WHAT IS NEEDED:
Going line by line through the records below, count those with the word "unfolding" and give only the count.

================

lemma fps_expansion_kernel_term:
  "fps_expansion (kernel_term p q W j) 0 = Abs_fps (\<lambda>n. kernel_coeff l p q j n / fact n)"
proof (induction j rule: less_induct)
  case (less j)
  define F where "F = fps_expansion (kernel_term p q W j) 0"
  have F: "kernel_term p q W j has_fps_expansion F"
    unfolding F_def by (rule kernel_term_has_fps_expansion)
  define g where "g = (\<lambda>y. if j = 0 then 0 else (of_nat j - 1 - p) * kernel_term p q W (j - 1) y)"
  define G where "G = (if j = 0 then 0
    else fps_const (of_nat j - 1 - p) * Abs_fps (\<lambda>n. kernel_coeff l p q (j - 1) n / fact n))"
  have G: "g has_fps_expansion G"
    using kernel_term_has_fps_expansion[of p q "j - 1"] less[of "j - 1"]
    by (cases "j = 0") (auto simp: g_def G_def intro!: fps_expansion_intros)
  have "eventually (\<lambda>y. y \<in> ball 0 R) (nhds 0)"
    using radius_pos by (intro eventually_nhds_in_open) auto
  then have "eventually (\<lambda>y. (1 - l * y) * deriv (kernel_term p q W j) y
      = - (of_nat j + q) * kernel_term p q W j y + g y) (nhds 0)"
    by eventually_elim (simp add: kernel_term_ode g_def)
  from fps_coeff_linear_ode[OF F G this]
  have rec: "of_nat (Suc n) * fps_nth F (Suc n) = (l * of_nat n - of_nat j - q) * fps_nth F n + fps_nth G n" for n
    by (simp add: algebra_simps)
  have "fps_nth F n = kernel_coeff l p q j n / fact n" for n
  proof (induction n)
    case 0
    show ?case
      using fps_nth_fps_expansion[OF F, of 0] by (simp add: kernel_term_def W_0)
  next
    case (Suc n)
    from rec[of n] show ?case
      by (simp add: Suc G_def field_simps del: of_nat_Suc)
  qed
  then show ?case by (simp add: F_def fps_eq_iff)
qed

lemma kernel_term_sums:
  assumes "y \<in> ball 0 R"
  shows "(\<lambda>n. kernel_coeff l p q j n / fact n * y ^ n) sums kernel_term p q W j y"
proof -
  have holo: "kernel_term p q W j holomorphic_on eball 0 (ereal R)"
    using kernel_term_holomorphic by simp
  have "ereal (norm y) < ereal R" using assms by simp
  then have "norm y < fps_conv_radius (fps_expansion (kernel_term p q W j) 0)"
    using conv_radius_fps_expansion[OF holo] by (rule order.strict_trans2)
  from sums_eval_fps[OF this] show ?thesis
    using eval_fps_expansion'[OF holo, of y] assms by (simp add: fps_expansion_kernel_term)
qed

lemma kernel_binomial_sum:
  fixes \<rho> y :: complex
  assumes \<rho>: "norm \<rho> \<le> 2" and y: "y \<in> ball 0 R"
    and small: "4 * (2 * (norm l + norm p + norm q + 1)) * norm y < 1"
  shows "(\<lambda>n. \<Sum>j\<le>n. kernel_coeff l p q j n * \<rho> ^ j * y ^ n / fact n)
           sums ((1 + \<rho> * (W y - 1)) powr p * W y powr q)"
proof (rule sums_triangular_array)
  define K where "K = 2 * (norm l + norm p + norm q + 1)"
  show "0 \<le> 2 * K * norm y" by (simp add: K_def)
  show "2 * (2 * K * norm y) < 1" using small unfolding K_def[symmetric] by simp
  show "norm (kernel_coeff l p q j n * \<rho> ^ j * y ^ n / fact n) \<le> (2 * K * norm y) ^ n" for n j
  proof (cases "j \<le> n")
    case True
    have "norm \<rho> ^ j \<le> 2 ^ j" using \<rho> by (simp add: power_mono)
    also have "(2::real) ^ j \<le> 2 ^ n" using True by (simp add: power_increasing)
    finally have "norm \<rho> ^ j \<le> 2 ^ n" .
    then have "norm (kernel_coeff l p q j n) * norm \<rho> ^ j * norm y ^ n \<le> (K ^ n * fact n) * 2 ^ n * norm y ^ n"
      using kernel_coeff_bound[of l p q j n] by (intro mult_right_mono mult_mono) (auto simp: K_def)
    then show ?thesis
      by (simp add: norm_mult norm_divide norm_power divide_le_eq power_mult_distrib mult_ac)
  qed (simp add: kernel_coeff_eq_0 K_def)
  show "(\<lambda>n. kernel_coeff l p q j n * \<rho> ^ j * y ^ n / fact n) sums (\<rho> ^ j * kernel_term p q W j y)" for j
    using sums_mult[OF kernel_term_sums[OF y], of "\<rho> ^ j" p q j] by (simp add: algebra_simps)
  have "norm \<rho> * norm (W y - 1) \<le> 2 * norm (W y - 1)"
    using \<rho> by (simp add: mult_right_mono)
  then have "norm (\<rho> * (W y - 1)) < 1"
    using near_1[OF y] by (simp add: norm_mult)
  from sums_mult2[OF gen_binomial_complex[OF this, of p], of "W y powr q"]
  show "(\<lambda>j. \<rho> ^ j * kernel_term p q W j y) sums ((1 + \<rho> * (W y - 1)) powr p * W y powr q)"
    by (simp add: kernel_term_def power_mult_distrib mult_ac)
qed (simp add: kernel_coeff_eq_0)

end


lemma gkp_kernelI:
  assumes R0: "R0 > 0" and holomorphic: "W holomorphic_on ball 0 R0" and W_0: "W 0 = 1"
    and ode: "\<And>y. y \<in> ball 0 R0 \<Longrightarrow> (1 - l * y) * deriv W y = - W y"
  shows "\<exists>R. gkp_kernel l W R"
proof -
  have "continuous (at 0) W"
    using holomorphic_on_imp_continuous_on[OF holomorphic] R0 by (simp add: continuous_on_interior)
  then obtain d where d: "d > 0" "\<And>y. dist y 0 < d \<Longrightarrow> dist (W y) (W 0) < 1/2"
    unfolding continuous_at_eps_delta by (meson half_gt_zero zero_less_one)
  have "gkp_kernel l W (min R0 d)"
  proof
    show "W holomorphic_on ball 0 (min R0 d)"
      by (rule holomorphic_on_subset[OF holomorphic]) auto
    fix y :: complex assume y: "y \<in> ball 0 (min R0 d)"
    then show "norm (W y - 1) < 1/2" using d(2)[of y] W_0 by (simp add: dist_norm)
    show "(1 - l * y) * deriv W y = - W y" using y by (intro ode) simp
  qed (use R0 d W_0 in auto)
  then show ?thesis by blast
qed

lemma gkp_kernel_exp: "\<exists>R. gkp_kernel 0 (\<lambda>y. exp (- y)) R"
proof (rule gkp_kernelI[of 1])
  fix y :: complex
  have "((\<lambda>y. exp (- y)) has_field_derivative - exp (- y)) (at y)"
    by (auto intro!: derivative_eq_intros)
  then show "(1 - 0 * y) * deriv (\<lambda>y. exp (- y)) y = - exp (- y)"
    by (simp add: DERIV_imp_deriv)
qed (auto intro!: holomorphic_intros)

lemma gkp_kernel_powr:
  assumes l: "l \<noteq> 0"
  shows "\<exists>R. gkp_kernel l (\<lambda>y. (1 - l * y) powr (1 / l)) R"
proof (rule gkp_kernelI)
  define R0 where "R0 = 1 / (2 * norm l)"
  show "R0 > 0" using l by (simp add: R0_def)
  have base: "1 - l * y \<notin> \<real>\<^sub>\<le>\<^sub>0" "1 - l * y \<noteq> 0" if "y \<in> ball 0 R0" for y
  proof -
    have "norm (l * y) < norm l * R0"
      using that l by (simp add: norm_mult)
    also have "\<dots> = 1 / 2" using l by (simp add: R0_def)
    finally show "1 - l * y \<notin> \<real>\<^sub>\<le>\<^sub>0"
      by (intro not_nonpos_Reals_near_1) simp
    then show "1 - l * y \<noteq> 0" by auto
  qed
  show "(\<lambda>y. (1 - l * y) powr (1 / l)) holomorphic_on ball 0 R0"
    using base by (intro holomorphic_intros) auto
  fix y :: complex assume y: "y \<in> ball 0 R0"
  have "((\<lambda>y. 1 - l * y) has_field_derivative - l) (at y)"
    by (auto intro!: derivative_eq_intros)
  from DERIV_chain2[where f = "\<lambda>z. z powr (1 / l)", OF has_field_derivative_powr[OF base(1)[OF y]] this]
  have "((\<lambda>y. (1 - l * y) powr (1 / l)) has_field_derivative
          1 / l * (1 - l * y) powr (1 / l - 1) * - l) (at y)"
    by simp
  then have "(1 - l * y) * deriv (\<lambda>y. (1 - l * y) powr (1 / l)) y
      = - (1 / l * l) * ((1 - l * y) powr (1 / l - 1) * (1 - l * y))"
    by (simp add: DERIV_imp_deriv mult_ac)
  also have "\<dots> = - ((1 - l * y) powr (1 / l))"
    using l base(2)[OF y] by (simp add: powr_diff)
  finally show "(1 - l * y) * deriv (\<lambda>y. (1 - l * y) powr (1 / l)) y = - ((1 - l * y) powr (1 / l))" .
qed simp

lemma small_affine_parameters:
  fixes b b' :: complex
  assumes b: "b \<noteq> 0" and r: "r > 0"
  shows "\<exists>e>0. \<forall>t z. cmod t < e \<and> cmod z < e \<longrightarrow>
           b + b' * t \<noteq> 0 \<and> norm (b / (b + b' * t)) \<le> 2 \<and> norm (z * (b + b' * t)) < r"
proof -
  define e where "e = min (norm b / (2 * norm b' + 1)) (r / (2 * norm b))"
  have "b + b' * t \<noteq> 0 \<and> norm (b / (b + b' * t)) \<le> 2 \<and> norm (z * (b + b' * t)) < r"
    if t: "cmod t < e" and z: "cmod z < e" for t z
  proof -
    have "norm b' * norm t \<le> norm b' * (norm b / (2 * norm b' + 1))"
      using t by (intro mult_left_mono) (auto simp: e_def)
    also have "\<dots> < norm b / 2"
      using b by (simp add: field_simps pos_divide_less_eq add_pos_nonneg)
    finally have small: "norm (b' * t) < norm b / 2" by (simp add: norm_mult)
    then have lower: "norm b / 2 < norm (b + b' * t)" and upper: "norm (b + b' * t) \<le> 3 / 2 * norm b"
      using norm_triangle_ineq2[of b "- (b' * t)"] norm_triangle_ineq[of b "b' * t"] by auto
    have "norm (z * (b + b' * t)) \<le> norm z * (3 / 2 * norm b)"
      unfolding norm_mult by (rule mult_left_mono[OF upper]) simp
    also have "\<dots> < r / (2 * norm b) * (3 / 2 * norm b)"
      using z b by (intro mult_strict_right_mono) (auto simp: e_def)
    also have "\<dots> < r" using b r by simp
    finally show ?thesis
      using lower b by (auto simp: norm_divide divide_le_eq)
  qed
  moreover have "e > 0"
    using b r by (simp add: e_def add_nonneg_pos)
  ultimately show ?thesis by blast
qed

================

THE ANSWER:
4